Again, your farm is on their land. Your farm used to be their home. You are saying the wolves shouldn't be protected because then they will not learn to leave farms alone and that eventually, they will learn to stay away. From what it seems, this used to be the case where wolves were not protected, and then they went extinct. So, when they were unprotected, they weren't learning their lesson then and they probably will not in the future if they become unprotected. Wolves disappearing from the habitat would cause drastic changes to the food chain.

Now, all that being said, I disagree that the state should just release wolves everywhere, seeing that they are a threat to human safety. I think that is a reckless move on their part. I understand the wolves eating your livestock means you lose money and possibly loved animals. I think the best conclusion would be that the state would set up large reserves for the wolves where they are protected. Once they leave the reserve, they are unprotected so the reserves become a place where the wolves have food and can live freely without the intrusion of humans later on. 

That's just how I feel on the matter. I hope I did not make you upset.


----------



## Damfino (Dec 29, 2013)

Disagreement, however strong, is never cause for offense so don't worry about upsetting me.  

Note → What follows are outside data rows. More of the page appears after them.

text \<open>The vector \<open>v\<close> is the mean value of the perturbation over \<open>[u, t]\<close>.\<close>
lemma solution_increment_approx:
  fixes f :: "'a::euclidean_space \<Rightarrow> 'a"
  assumes sol: "is_solution f e x" and fc: "continuous_on UNIV f" and "0 \<le> u"
    and e_le: "\<And>s. u \<le> s \<Longrightarrow> norm (e s) \<le> \<delta>" and "\<epsilon> > 0"
  shows "\<exists>\<eta>>0. \<forall>t. u < t \<and> t < u + \<eta> \<longrightarrow>
           (\<exists>v. norm v \<le> \<delta> \<and> norm (x t - x u - (t - u) *\<^sub>R (f (x u) + v)) \<le> \<epsilon> * (t - u))"
proof -
  have fx_cont: "continuous_on {0..} (\<lambda>s. f (x s))"
    using sol by (auto simp: is_solution_def intro: continuous_on_compose2[OF fc])
  then obtain \<eta> where "\<eta> > 0" and \<eta>: "\<And>s. 0 \<le> s \<Longrightarrow> dist s u < \<eta> \<Longrightarrow> dist (f (x s)) (f (x u)) < \<epsilon>"
    using \<open>\<epsilon> > 0\<close> \<open>0 \<le> u\<close> unfolding continuous_on_iff by (metis atLeast_iff)
  show ?thesis
  proof (intro exI[of _ \<eta>] conjI allI impI \<open>\<eta> > 0\<close>)
    fix t assume t: "u < t \<and> t < u + \<eta>"
    have fx_int: "((\<lambda>s. f (x s)) has_integral integral {u..t} (\<lambda>s. f (x s))) {u..t}"
      using \<open>0 \<le> u\<close> by (intro integrable_integral integrable_continuous_real continuous_on_subset[OF fx_cont]) auto
    have "((\<lambda>s. f (x s) + e s) has_integral (x t - x u)) {u..t}"
      using solution_has_integral_between[OF sol \<open>0 \<le> u\<close>] t by simp
    from has_integral_diff[OF this fx_int]
    have e_int: "(e has_integral (x t - x u - integral {u..t} (\<lambda>s. f (x s)))) {u..t}" by simp
    define w where "w = x t - x u - integral {u..t} (\<lambda>s. f (x s))"
    define v where "v = (1 / (t - u)) *\<^sub>R w"
    have "0 \<le> \<delta>" using e_le[of u] norm_ge_zero order_trans by blast
    have "norm w \<le> \<delta> * Henstock_Kurzweil_Integration.content {u..t}"
      using e_int unfolding w_def by (rule has_integral_bound_real[OF \<open>0 \<le> \<delta>\<close> finite.emptyI]) (simp add: e_le)
    then have "norm w / (t - u) \<le> \<delta>" using t by (simp add: divide_le_eq)
    then have "norm v \<le> \<delta>" using t by (simp add: v_def)
    have "((\<lambda>s. f (x s) - f (x u)) has_integral (x t - x u - (t - u) *\<^sub>R (f (x u) + v))) {u..t}"
      using has_integral_diff[OF fx_int has_integral_const_real[of "f (x u)" u t]] t
      by (simp add: v_def w_def scaleR_add_right algebra_simps)
    moreover have "norm (f (x s) - f (x u)) \<le> \<epsilon>" if "s \<in> {u..t}" for s
      using \<eta>[of s] that t \<open>0 \<le> u\<close> by (simp add: dist_norm dist_real_def)
    ultimately have "norm (x t - x u - (t - u) *\<^sub>R (f (x u) + v)) \<le> \<epsilon> * Henstock_Kurzweil_Integration.content {u..t}"
      using \<open>\<epsilon> > 0\<close> by (intro has_integral_bound_real[where S = "{}"]) auto
    then have "norm (x t - x u - (t - u) *\<^sub>R (f (x u) + v)) \<le> \<epsilon> * (t - u)" using t by simp
    with \<open>norm v \<le> \<delta>\<close> show "\<exists>v. norm v \<le> \<delta> \<and> norm (x t - x u - (t - u) *\<^sub>R (f (x u) + v)) \<le> \<epsilon> * (t - u)"
      by blast
  qed
qed
(* Fix $N$, the graph $\mathcal G$, the vectors $C_1,\dots,C_N$, the attack bound $s$, and the noise bounds $b_w,b_v$. Then the following are equivalent: (i) there exists $\varepsilon>0$ such that for every $A\in\mathbb R^{n\times n}$ with $\|A\|\in[1,1+\varepsilon)$ there exist reals $\beta>0$, $\eta_0>0$ and an integer $L>\frac{\ln\|A\|}{\ln\gamma^{-1}}$ with $\eta_0(1-F(\eta_0))\ge q_0$ (where $F$ and $q_0$ are computed from these $A,\beta,L,\eta_0$); (ii) $\lambda_0>s$.
   Context: $C_i\in\mathbb R^{1\times n}$ with $\|C_i\|=1$, $i\in\mathcal V=\{1,\dots,N\}$; $\|\cdot\|$ is the Euclidean norm / induced 2-norm. $\mathcal G$ is an undirected connected graph on $\mathcal V$ without self-loops with Laplacian $\mathcal L$ (degree matrix minus adjacency matrix), whose second smallest and largest eigenvalues are $\lambda_2(\mathcal L),\lambda_{\max}(\mathcal L)$. $s$ is a nonnegative integer (upper bound on the number of attacked sensors), $b_w,b_v\ge0$. Notation: $\lambda_0=\min_{\mathcal J\subset\mathcal V,|\mathcal J|=N-s}\lambda_{\min}(\sum_{i\in\mathcal J}C_i^TC_i)$; $\gamma=\frac{\lambda_{\max}(\mathcal L)-\lambda_2(\mathcal L)}{\lambda_{\max}(\mathcal L)+\lambda_2(\mathcal L)}$; $p_0=\frac{\sqrt N\beta\gamma^L}{1-\|A\|\gamma^L}$; $k^*(\rho)=\min\{1,\frac{\beta}{\|A\|(p_0+\rho)+b_w+b_v}\}$; $F(\rho)=\|A\|(1-\frac{k^*(\rho)}{N}\lambda_0)$; $q_0=\frac{N-s}{N}(b_w+b_v+\|A\|p_0)+b_w+\frac{s\beta}{N}$. *)

theory Defs
  imports "HOL-Analysis.Analysis"
begin

text \<open>Real eigenvalues of a square real matrix (used only for symmetric matrices).\<close>
definition is_eig :: "real^'n^'n \<Rightarrow> real \<Rightarrow> bool" where
  "is_eig M \<mu> \<longleftrightarrow> (\<exists>v. v \<noteq> 0 \<and> M *v v = \<mu> *\<^sub>R v)"

definition min_eig :: "real^'n^'n \<Rightarrow> real" where
  "min_eig M = Min {\<mu>. is_eig M \<mu>}"

definition max_eig :: "real^'n^'n \<Rightarrow> real" where
  "max_eig M = Max {\<mu>. is_eig M \<mu>}"

definition eig_mult :: "real^'n^'n \<Rightarrow> real \<Rightarrow> nat" where
  "eig_mult M \<mu> = dim {v. M *v v = \<mu> *\<^sub>R v}"

text \<open>Second smallest eigenvalue (counted with multiplicity) of a symmetric matrix.\<close>
definition second_eig :: "real^'n^'n \<Rightarrow> real" where
  "second_eig M = (if eig_mult M (min_eig M) \<ge> 2 then min_eig M
                   else Min ({\<mu>. is_eig M \<mu>} - {min_eig M}))"

definition laplacian :: "('v::finite \<Rightarrow> 'v \<Rightarrow> bool) \<Rightarrow> real^'v^'v" where
  "laplacian adj = (\<chi> i j. (if i = j then real (card {k. adj i k}) else 0)
                           - (if adj i j then 1 else 0))"

definition gamma :: "('v::finite \<Rightarrow> 'v \<Rightarrow> bool) \<Rightarrow> real" where
  "gamma adj = (max_eig (laplacian adj) - second_eig (laplacian adj))
             / (max_eig (laplacian adj) + second_eig (laplacian adj))"

text \<open>C_i^T C_i for a row vector C_i.\<close>
definition outer :: "real^'n \<Rightarrow> real^'n^'n" where
  "outer c = (\<chi> a b. c $ a * c $ b)"

definition lambda0 :: "('v::finite \<Rightarrow> real^'n) \<Rightarrow> nat \<Rightarrow> real" where
  "lambda0 C s = Min ((\<lambda>J. min_eig (\<Sum>i\<in>J. outer (C i)))
                       ` {J :: 'v set. card J = CARD('v) - s})"

definition opnorm :: "real^'n^'n \<Rightarrow> real" where
  "opnorm A = onorm (\<lambda>x. A *v x)"

text \<open>The quantities p_0, k^*, F, q_0 (nA stands for the induced norm of A, N for the number of nodes).\<close>
definition p0 :: "nat \<Rightarrow> real \<Rightarrow> real \<Rightarrow> real \<Rightarrow> nat \<Rightarrow> real" where
  "p0 N nA \<beta> \<gamma> L = sqrt (real N) * \<beta> * \<gamma> ^ L / (1 - nA * \<gamma> ^ L)"

definition kstar :: "nat \<Rightarrow> real \<Rightarrow> real \<Rightarrow> real \<Rightarrow> nat \<Rightarrow> real \<Rightarrow> real \<Rightarrow> real \<Rightarrow> real" where
  "kstar N nA \<beta> \<gamma> L bw bv \<rho> = min 1 (\<beta> / (nA * (p0 N nA \<beta> \<gamma> L + \<rho>) + bw + bv))"

definition Ffun :: "nat \<Rightarrow> real \<Rightarrow> real \<Rightarrow> real \<Rightarrow> nat \<Rightarrow> real \<Rightarrow> real \<Rightarrow> real \<Rightarrow> real \<Rightarrow> real" where
  "Ffun N nA \<beta> \<gamma> L bw bv lam0 \<rho> = nA * (1 - kstar N nA \<beta> \<gamma> L bw bv \<rho> / real N * lam0)"

definition q0 :: "nat \<Rightarrow> nat \<Rightarrow> real \<Rightarrow> real \<Rightarrow> real \<Rightarrow> nat \<Rightarrow> real \<Rightarrow> real \<Rightarrow> real" where
  "q0 N s nA \<beta> \<gamma> L bw bv = (real N - real s) / real N * (bw + bv + nA * p0 N nA \<beta> \<gamma> L)
                             + bw + real s * \<beta> / real N"

text \<open>The condition L > ln(nA) / ln(1/gamma); for gamma = 0, ln(1/gamma) = +infinity and the bound is 0.\<close>
definition L_ok :: "real \<Rightarrow> real \<Rightarrow> nat \<Rightarrow> bool" where
  "L_ok nA \<gamma> L = (if \<gamma> = 0 then real L > 0 else real L > ln nA / ln (1 / \<gamma>))"

end

theory Submission
  imports Defs
begin

(* If lambda0 <= s and a = ||A|| > 1, then kstar * a * eta <= beta, so
   eta (1 - F eta) = eta (1 - a) + kstar a eta lambda0 / N < s beta / N <= q0:
   condition (i) fails for A = a I.
   If lambda0 > s and 1 <= a < 1 + (lambda0 - s) / N, take beta to be the fixed point of
   beta = a (p0 + eta) + bw + bv.  Then kstar = 1 and the inequality reduces to
   c eta >= 2 bw + bv + a p0 with c = a (lambda0 - s) / N - (a - 1) > 0; as p0 / beta -> 0
   for L -> infinity, it holds once L and eta are large.
   Both directions need 0 <= gamma < 1, i.e. 0 < lambda_2 <= lambda_max for the Laplacian:
   the largest Rayleigh quotient of the Laplacian is a positive eigenvalue, and on a connected
   graph the kernel consists of the constant vectors, so the eigenvalue 0 is simple. *)

lemma transpose_eq_imp_inner_commute:
  fixes M :: "real^'n^'n"
  assumes "transpose M = M"
  shows "(M *v x) \<bullet> y = x \<bullet> (M *v y)"
  by (metis assms dot_lmul_matrix vector_transpose_matrix)

lemma nonneg_quadratic_imp_linear_coeff_zero:
  fixes a K :: real
  assumes "\<forall>t. 2 * t * a \<le> t\<^sup>2 * K" and "0 \<le> a"
  shows "a = 0"
proof (rule ccontr)
  assume "a \<noteq> 0"
  with assms(2) have "0 < a" by simp
  define t where "t = a / (\<bar>K\<bar> + 1)"
  have "0 < t" using \<open>0 < a\<close> by (simp add: t_def add_pos_nonneg)
  have "t * \<bar>K\<bar> < a" using \<open>0 < a\<close> by (simp add: t_def field_simps)
  moreover have "t * (2 * a) \<le> t * (t * K)"
    using assms(1)[rule_format, of t] by (simp add: power2_eq_square algebra_simps)
  then have "2 * a \<le> t * K" using \<open>0 < t\<close> by simp
  moreover have "t * K \<le> t * \<bar>K\<bar>" using \<open>0 < t\<close> by (simp add: mult_left_mono)
  ultimately show False using \<open>0 < a\<close> by linarith
qed

lemma selfadjoint_nonneg_form_eq_0_imp_eq_0:
  fixes f :: "'a::real_inner \<Rightarrow> 'a"
  assumes "linear f" and adj: "\<And>x y. f x \<bullet> y = x \<bullet> f y"
    and nonneg: "\<And>x. 0 \<le> x \<bullet> f x" and "u \<bullet> f u = 0"
  shows "f u = 0"
proof -
  define v where "v = f u"
  have "2 * t * (v \<bullet> v) \<le> t\<^sup>2 * (v \<bullet> f v)" for t
  proof -
    have "f (u - t *\<^sub>R v) = v - t *\<^sub>R f v"
      using \<open>linear f\<close> by (simp add: v_def linear_diff linear_scale)
    then have "(u - t *\<^sub>R v) \<bullet> f (u - t *\<^sub>R v) = (u - t *\<^sub>R v) \<bullet> (v - t *\<^sub>R f v)"
      by (simp only:)
    also have "\<dots> = u \<bullet> v - t * (u \<bullet> f v) - t * (v \<bullet> v) + t\<^sup>2 * (v \<bullet> f v)"
      by (simp add: inner_diff_left inner_diff_right inner_commute power2_eq_square algebra_simps)
    also have "u \<bullet> f v = v \<bullet> v" using adj[of u v] by (simp add: v_def inner_commute)
    also have "u \<bullet> v = 0" using \<open>u \<bullet> f u = 0\<close> by (simp add: v_def)
    finally have "(u - t *\<^sub>R v) \<bullet> f (u - t *\<^sub>R v) = t\<^sup>2 * (v \<bullet> f v) - 2 * t * (v \<bullet> v)"
      by simp
    then show ?thesis using nonneg[of "u - t *\<^sub>R v"] by simp
  qed
  then have "v \<bullet> v = 0" by (intro nonneg_quadratic_imp_linear_coeff_zero) auto
  then show ?thesis by (simp add: v_def)
qed

lemma symmetric_has_eig_ge_quadratic_form:
  fixes M :: "real^'n^'n"
  assumes "transpose M = M"
  shows "\<exists>\<mu>. is_eig M \<mu> \<and> (\<forall>x. norm x = 1 \<longrightarrow> x \<bullet> (M *v x) \<le> \<mu>)"
proof -
  have "continuous_on (sphere 0 1) (\<lambda>x::real^'n. x \<bullet> (M *v x))"
    by (intro continuous_intros linear_continuous_on matrix_vector_mul_bounded_linear)
  moreover have "sphere (0::real^'n) 1 \<noteq> {}" using norm_axis_1[of undefined] by force
  ultimately obtain u where u: "norm u = 1" and max: "\<And>y. norm y = 1 \<Longrightarrow> y \<bullet> (M *v y) \<le> u \<bullet> (M *v u)"
    using continuous_attains_sup[OF compact_sphere] by (metis mem_sphere_0)
  define \<mu> where "\<mu> = u \<bullet> (M *v u)"
  define f where "f x = \<mu> *\<^sub>R x - M *v x" for x
  have rayleigh: "x \<bullet> (M *v x) \<le> \<mu> * (norm x)\<^sup>2" for x
  proof (cases "x = 0")
    case False
    have "(x /\<^sub>R norm x) \<bullet> (M *v (x /\<^sub>R norm x)) \<le> \<mu>"
      using max[of "x /\<^sub>R norm x"] False by (simp add: \<mu>_def)
    moreover have "0 < norm x" using False by simp
    ultimately show ?thesis
      by (simp add: matrix_vector_mult_scaleR power2_eq_square field_simps)
  qed simp
  have "linear f" unfolding f_def by (intro linear_compose_sub linear_scaleR matrix_vector_mul_linear)
  moreover have "f x \<bullet> y = x \<bullet> f y" for x y
    using transpose_eq_imp_inner_commute[OF assms] by (simp add: f_def inner_diff_left inner_diff_right)
  moreover have "0 \<le> x \<bullet> f x" for x
    using rayleigh[of x] by (simp add: f_def inner_diff_right power2_norm_eq_inner)
  moreover have "u \<bullet> f u = 0"
    using u by (simp add: f_def \<mu>_def inner_diff_right power2_norm_eq_inner[symmetric])
  ultimately have "f u = 0" by (rule selfadjoint_nonneg_form_eq_0_imp_eq_0)
  then have "is_eig M \<mu>" using u unfolding is_eig_def f_def by (metis norm_zero right_minus_eq zero_neq_one)
  then show ?thesis using max \<mu>_def by blast
qed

You position would be sound if it didn't lack context. I believe you are from Pennsylvania, which means you probably don't have much understanding about land policy and history out west. The wolves weren't exterminated because they were a problem to ranchers. They were exterminated by the U.S. government during the expansion years. The government put a bounty on wolves and they were very quickly hunted, trapped, and poisoned to extinction since it was more profitable kill wolves than to stick to ranching. With a price on their heads, there was no chance for "non-problem" wolves to keep to themselves and survive. These days there is no bounty and there are laws against poaching. It is estimated that my "backyard" has more mountain lions per square mile than any other in the lower 48 states, yet I never see them and ranchers don't hunt them to extinction to protect livestock. Why? Because lions here have learned through the generations not to bother people. The ones that do get shot. Ranchers have better things to do than waste time hunting predators that aren't bothering them. But I guarantee that if the government put a bounty on lionskins, every rancher would make time to go lion hunting because it would be money in their pockets. 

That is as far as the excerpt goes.